During President Trump's first term, the horizontal separation of powers were routinely breached as states and lower courts resisted virtually every presidential action. That much was well known. But with Trump 2.0, we have seen a novel inversion of both the horizontal and vertical separation of powers: lower court judges are resisting both the President and the Supreme Court. As Judge Kenneth K. Lee wisely warned, judges of the inferior courts should "not be seduced by the temptation of judicial resistance," lest they inch towards an inferior "imperial judiciary."

President Trump, during his first term, faced an unprecedented barrage of legal challenges. The self-professed "legal resistance" launched a never-ending barrage of lawsuits to challenge virtually every facet of his administration.
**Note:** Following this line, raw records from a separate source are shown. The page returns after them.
lemma rank_outer_le: "rank (outer u v) \<le> 1"
proof -
  have "rank (outer u v) \<le> vec.dim {v}"
    by (rule rank_le_dim) (simp add: outer_component vec.span_scale vec.span_base)
  also have "\<dots> \<le> 1"
    using vec.dim_le_card[of "{v}" "{v}"] by (simp add: vec.span_base)
  finally show ?thesis .
qed

lemma outer_congruence: "P ** outer u v ** transpose Q = outer (P *v u) (Q *v v)"
  by (simp add: vec_eq_iff outer_def matrix_matrix_mult_def matrix_vector_mult_def transpose_def
      sum_distrib_left sum_distrib_right mult_ac) (intro allI sum.swap)

lemma rank_sum_outer_le_dim_left:
  fixes u :: "'i \<Rightarrow> 'a::field^'m" and v :: "'i \<Rightarrow> 'a^'k"
  assumes "finite I"
  shows "rank (\<Sum>j\<in>I. outer (u j) (v j)) \<le> vec.dim (u ` I)"
proof -
  obtain B where B: "B \<subseteq> u ` I" "vec.independent B" "u ` I \<subseteq> vec.span B"
    "card B = vec.dim (u ` I)"
    using vec.basis_exists by blast
  have "finite B"
    using B(2) vec.finiteI_independent by blast
  have "\<forall>j\<in>I. u j \<in> vec.span B"
    using B(3) by blast
  then have "\<forall>j\<in>I. \<exists>c. u j = (\<Sum>b\<in>B. c b *s b)"
    unfolding vec.span_finite[OF \<open>finite B\<close>] by blast
  then obtain c where c: "\<forall>j\<in>I. u j = (\<Sum>b\<in>B. c j b *s b)"
    by metis
  have "(\<Sum>j\<in>I. outer (u j) (v j)) = (\<Sum>j\<in>I. outer (\<Sum>b\<in>B. c j b *s b) (v j))"
    by (rule sum.cong) (simp_all add: c)
  also have "\<dots> = (\<Sum>b\<in>B. outer b (\<Sum>j\<in>I. c j b *s v j))"
    by (simp add: vec_eq_iff outer_def sum_distrib_left sum_distrib_right mult_ac)
      (intro allI sum.swap)
  finally have "rank (\<Sum>j\<in>I. outer (u j) (v j)) \<le> (\<Sum>b\<in>B. rank (outer b (\<Sum>j\<in>I. c j b *s v j)))"
    by (simp only: rank_sum_le)
  also have "\<dots> \<le> (\<Sum>b\<in>B. 1)"
    by (intro sum_mono rank_outer_le)
  finally show ?thesis
    using B(4) by simp
qed

lemma independent_if_card_le_dim:
  assumes "finite I" "card I \<le> vec.dim (b ` I)"
  shows "inj_on b I \<and> vec.independent (b ` I)"
proof -
  have "vec.dim (b ` I) \<le> card (b ` I)"
    using assms(1) by (intro vec.dim_le_card) (auto intro: vec.span_base)
  then have "card (b ` I) = card I" "vec.dim (b ` I) = card (b ` I)"
    using assms card_image_le[of I b] by linarith+
  then show ?thesis
    using assms(1) vec.card_eq_dim[of "b ` I" "b ` I"]
    by (auto simp: eq_card_imp_inj_on vec.span_base)
qed

lemma independent_if_rank_eq_card:
  fixes X :: "'a::field^'k^'m"
  assumes "finite I" "\<And>i. X $ i \<in> vec.span (b ` I)" "rank X = card I"
  shows "inj_on b I \<and> vec.independent (b ` I)"
  using assms rank_le_dim[of X "b ` I"] by (intro independent_if_card_le_dim) auto

lemma independent_if_rank_sum_outer:
  fixes u :: "'i \<Rightarrow> 'a::field^'m" and v :: "'i \<Rightarrow> 'a^'k"
  assumes "finite I" "rank (\<Sum>j\<in>I. outer (u j) (v j)) = card I"
  shows "inj_on u I \<and> vec.independent (u ` I)" "inj_on v I \<and> vec.independent (v ` I)"
proof -
  show "inj_on u I \<and> vec.independent (u ` I)"
    using assms rank_sum_outer_le_dim_left[of I u v] by (intro independent_if_card_le_dim) auto
  show "inj_on v I \<and> vec.independent (v ` I)"
  proof (rule independent_if_rank_eq_card[OF assms(1) _ assms(2)])
    fix i
    show "(\<Sum>j\<in>I. outer (u j) (v j)) $ i \<in> vec.span (v ` I)"
      by (simp add: outer_component vec.span_sum vec.span_scale vec.span_base)
  qed
qed

lemma invertible_matrix_mapping:
  fixes b b' :: "'i \<Rightarrow> 'a::field^'n"
  assumes "inj_on b I \<and> vec.independent (b ` I)" "inj_on b' I \<and> vec.independent (b' ` I)"
  obtains P where "invertible P" "\<forall>j\<in>I. P *v b j = b' j"
proof -
  define f where "f = b' \<circ> the_inv_into I b"
  have f: "f (b j) = b' j" if "j \<in> I" for j
    using that assms(1) by (simp add: f_def the_inv_into_f_f)
  then have "f ` b ` I = b' ` I" "inj_on f (b ` I)"
    using assms(2) by (auto simp: image_image inj_on_def cong: image_cong)
  then obtain g where g: "Vector_Spaces.linear (*s) (*s) g" "inj g" "\<forall>x\<in>b ` I. g x = f x"
    using vec.linear_independent_extend_inj[of "b ` I" f] assms by auto
  obtain h where h: "Vector_Spaces.linear (*s) (*s) h" "\<And>x. h (g x) = x"
    using vec.linear_injective_left_inverse[OF g(1,2)] by (auto simp: fun_eq_iff)
  have "matrix h ** matrix g = mat 1"
    by (simp add: matrix_eq matrix_vector_mul_assoc[symmetric] matrix_works g(1) h)
  then have "invertible (matrix g)"
    using invertible_left_inverse by blast
  moreover have "matrix g *v b j = b' j" if "j \<in> I" for j
    using that g(3) f by (simp add: matrix_works[OF g(1)])
  ultimately show ?thesis
    using that by blast
qed

section \<open>Bilinear forms graphs\<close>

lemma rank_one_eq_outer:
  fixes X :: "'a::field^'k^'m"
  assumes "rank X = 1"
  obtains u v where "X = outer u v"
proof -
  obtain i j where "X $ i $ j \<noteq> 0"
    using assms rank_eq_0_gen by (metis vec_eq_iff zero_index zero_neq_one)
  then have "rank (X - outer (inverse (X $ i $ j) *s (X *v axis j 1)) (X $ i)) = 0"
    using rank_one_reduction_axis[of X i j] assms by simp
  then show ?thesis
    using that by (simp add: rank_eq_0_gen)
qed

lemma rank_one_families_congruent:
  fixes d d' :: "nat \<Rightarrow> 'a::field^'k^'m"
  assumes d: "\<forall>j<l. rank (d j) = 1" "rank (\<Sum>j<l. d j) = l"
    and d': "\<forall>j<l. rank (d' j) = 1" "rank (\<Sum>j<l. d' j) = l"
  obtains P Q where "invertible P" "invertible Q" "\<forall>j<l. P ** d j ** transpose Q = d' j"
proof -
  have "\<forall>j<l. \<exists>u v. d j = outer u v" "\<forall>j<l. \<exists>u v. d' j = outer u v"
    using d(1) d'(1) rank_one_eq_outer by blast+
  then obtain u v u' v' where uv: "\<forall>j<l. d j = outer (u j) (v j)"
    and uv': "\<forall>j<l. d' j = outer (u' j) (v' j)"
    by metis
  have "(\<Sum>j<l. d j) = (\<Sum>j<l. outer (u j) (v j))" "(\<Sum>j<l. d' j) = (\<Sum>j<l. outer (u' j) (v' j))"
    using uv uv' by (auto intro: sum.cong)
  then have r: "rank (\<Sum>j<l. outer (u j) (v j)) = card {..<l}"
    and r': "rank (\<Sum>j<l. outer (u' j) (v' j)) = card {..<l}"
    using d(2) d'(2) by simp_all
  obtain P where "invertible P" "\<forall>j\<in>{..<l}. P *v u j = u' j"
    by (rule invertible_matrix_mapping[OF independent_if_rank_sum_outer(1)[OF finite_lessThan r]
          independent_if_rank_sum_outer(1)[OF finite_lessThan r']])
  moreover obtain Q where "invertible Q" "\<forall>j\<in>{..<l}. Q *v v j = v' j"
    by (rule invertible_matrix_mapping[OF independent_if_rank_sum_outer(2)[OF finite_lessThan r]
          independent_if_rank_sum_outer(2)[OF finite_lessThan r']])
  ultimately show ?thesis
    using that uv uv' by (simp add: outer_congruence)
qed

theorem bil_geodesic_transitive: "geodesic_transitive (UNIV :: ('a::field^'k^'m) set) bil_adj"
proof -
  interpret rank_distance_graph "UNIV :: ('a^'k^'m) set" rank 1
  proof
    fix X :: "'a^'k^'m" assume "X \<noteq> 0"
    then obtain i j where "X $ i $ j \<noteq> 0"
      by (metis vec_eq_iff zero_index)
    then have "rank (X - outer (inverse (X $ i $ j) *s (X *v axis j 1)) (X $ i)) + 1 \<le> rank X"
      using rank_one_reduction_axis by (simp add: Suc_le_eq)
    then show "\<exists>D\<in>UNIV. rank D \<le> 1 \<and> rank (X - D) + 1 \<le> rank X"
      using rank_outer_le by blast
  qed (auto simp: rank_eq_0_gen rank_uminus rank_add_le)
  have "bil_adj = (\<lambda>X Y :: 'a^'k^'m. rank (X - Y) = 1)"
    by (simp add: fun_eq_iff bil_adj_def)
  moreover have "geodesic_transitive (UNIV :: ('a^'k^'m) set) (\<lambda>X Y. rank (X - Y) = 1)"
  proof (rule geodesic_transitiveI)
    fix l and d d' :: "nat \<Rightarrow> 'a^'k^'m"
    assume "\<forall>j<l. d j \<in> UNIV \<and> rank (d j) = 1" "\<forall>j<l. d' j \<in> UNIV \<and> rank (d' j) = 1"
      "rank (\<Sum>j<l. d j) = 1 * l" "rank (\<Sum>j<l. d' j) = 1 * l"
    then have "\<forall>j<l. rank (d j) = 1" "rank (\<Sum>j<l. d j) = l"
      "\<forall>j<l. rank (d' j) = 1" "rank (\<Sum>j<l. d' j) = l"
      by simp_all
    then obtain P Q where PQ: "invertible P" "invertible Q" "\<forall>j<l. P ** d j ** transpose Q = d' j"
      by (rule rank_one_families_congruent)
    obtain P' Q' where "P' ** P = mat 1" "Q' ** Q = mat 1"
      using PQ invertible_left_inverse by metis
    then show "\<exists>L. Modules.additive L \<and> bij_betw L UNIV UNIV \<and> (\<forall>X\<in>UNIV. rank (L X) = rank X)
        \<and> (\<forall>j<l. L (d j) = d' j)"
      using PQ(3) by (intro congruence_isometry[where A' = P' and B' = "transpose Q'"])
        (simp_all add: matrix_transpose_mul[symmetric])
  qed
  ultimately show ?thesis
    by simp
qed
Worse still, many courts eagerly allowed these suits to proceed on the jurisprudential grounds that President Trump was not entitled to the same deference and regard as his predecessors. I described this jurisprudential shift as the "judicial resistance." I was widely criticized for using this term. In the New York Times, Dahlia Lithwick and Steve Valdeck described it as a "dangerous myth." But I think I was onto something.

And from the conclusion:

The risk here is clear. Judge Lee warns that the "judicial resistance" will "risk inching towards an imperial judiciary that lords over the President and Congress." Here, Judge Lee invoked Justice Amy Coney Barrett's ruling in Trump v. CASA (2025), in which she warned against "embracing an imperial judiciary." We can take the lineage back even further. In Planned Parenthood v. Casey (1991), the landmark decision reaffirming Roe v. Wade, Justice Scalia declared, "The Imperial Judiciary lives." Of course, the "Nietzschean vision of . . . unelected, life-tenured judges" Scalia warned against belonged to five members of the Supreme Court. Scalia would often yell "stop" to his colleagues. But now the resistance has spread to the inferior federal courts.